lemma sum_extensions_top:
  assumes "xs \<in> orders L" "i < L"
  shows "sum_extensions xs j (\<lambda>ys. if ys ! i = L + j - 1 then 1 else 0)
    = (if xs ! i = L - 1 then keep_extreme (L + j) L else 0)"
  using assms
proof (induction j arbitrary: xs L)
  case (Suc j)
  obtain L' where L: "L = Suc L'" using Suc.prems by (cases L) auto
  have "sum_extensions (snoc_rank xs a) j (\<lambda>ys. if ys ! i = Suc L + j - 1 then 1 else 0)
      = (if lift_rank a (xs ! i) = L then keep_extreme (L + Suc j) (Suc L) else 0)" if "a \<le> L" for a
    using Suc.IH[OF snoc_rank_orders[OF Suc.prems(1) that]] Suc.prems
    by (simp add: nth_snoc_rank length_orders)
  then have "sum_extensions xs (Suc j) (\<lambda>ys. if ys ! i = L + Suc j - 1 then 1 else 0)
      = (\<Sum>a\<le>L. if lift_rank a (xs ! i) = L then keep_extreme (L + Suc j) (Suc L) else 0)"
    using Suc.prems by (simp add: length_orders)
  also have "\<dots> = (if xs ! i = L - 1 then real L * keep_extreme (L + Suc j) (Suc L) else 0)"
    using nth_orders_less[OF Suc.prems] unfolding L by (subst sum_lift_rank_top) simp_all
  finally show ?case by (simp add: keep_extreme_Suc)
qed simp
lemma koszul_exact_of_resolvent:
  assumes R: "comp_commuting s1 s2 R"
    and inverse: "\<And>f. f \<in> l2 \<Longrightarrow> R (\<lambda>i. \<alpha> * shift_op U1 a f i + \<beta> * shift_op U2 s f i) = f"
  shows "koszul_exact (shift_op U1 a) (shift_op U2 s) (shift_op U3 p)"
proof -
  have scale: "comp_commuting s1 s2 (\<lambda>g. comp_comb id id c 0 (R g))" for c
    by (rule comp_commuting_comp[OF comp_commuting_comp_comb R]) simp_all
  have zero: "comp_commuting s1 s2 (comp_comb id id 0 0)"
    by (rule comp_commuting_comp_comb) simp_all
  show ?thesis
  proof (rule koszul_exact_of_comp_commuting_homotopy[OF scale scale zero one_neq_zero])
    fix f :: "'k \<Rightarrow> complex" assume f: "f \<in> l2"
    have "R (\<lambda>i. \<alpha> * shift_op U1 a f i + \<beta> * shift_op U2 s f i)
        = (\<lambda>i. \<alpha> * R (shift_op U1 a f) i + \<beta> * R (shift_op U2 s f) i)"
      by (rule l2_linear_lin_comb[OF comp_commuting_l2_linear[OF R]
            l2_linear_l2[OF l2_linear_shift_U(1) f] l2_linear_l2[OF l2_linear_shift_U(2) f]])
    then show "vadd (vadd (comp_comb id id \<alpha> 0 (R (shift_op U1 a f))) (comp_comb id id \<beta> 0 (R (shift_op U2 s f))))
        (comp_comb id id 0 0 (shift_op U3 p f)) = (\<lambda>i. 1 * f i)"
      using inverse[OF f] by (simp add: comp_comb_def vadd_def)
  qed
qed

(WHAT IS NEEDED):
Repeat the entries verbatim through the line with "1 then real".

(TASK SOLUTION):
lemma sum_extensions_top:
  assumes "xs \<in> orders L" "i < L"
  shows "sum_extensions xs j (\<lambda>ys. if ys ! i = L + j - 1 then 1 else 0)
    = (if xs ! i = L - 1 then keep_extreme (L + j) L else 0)"
  using assms
proof (induction j arbitrary: xs L)
  case (Suc j)
  obtain L' where L: "L = Suc L'" using Suc.prems by (cases L) auto
  have "sum_extensions (snoc_rank xs a) j (\<lambda>ys. if ys ! i = Suc L + j - 1 then 1 else 0)
      = (if lift_rank a (xs ! i) = L then keep_extreme (L + Suc j) (Suc L) else 0)" if "a \<le> L" for a
    using Suc.IH[OF snoc_rank_orders[OF Suc.prems(1) that]] Suc.prems
    by (simp add: nth_snoc_rank length_orders)
  then have "sum_extensions xs (Suc j) (\<lambda>ys. if ys ! i = L + Suc j - 1 then 1 else 0)
      = (\<Sum>a\<le>L. if lift_rank a (xs ! i) = L then keep_extreme (L + Suc j) (Suc L) else 0)"
    using Suc.prems by (simp add: length_orders)
  also have "\<dots> = (if xs ! i = L - 1 then real L * keep_extreme (L + Suc j) (Suc L) else 0)"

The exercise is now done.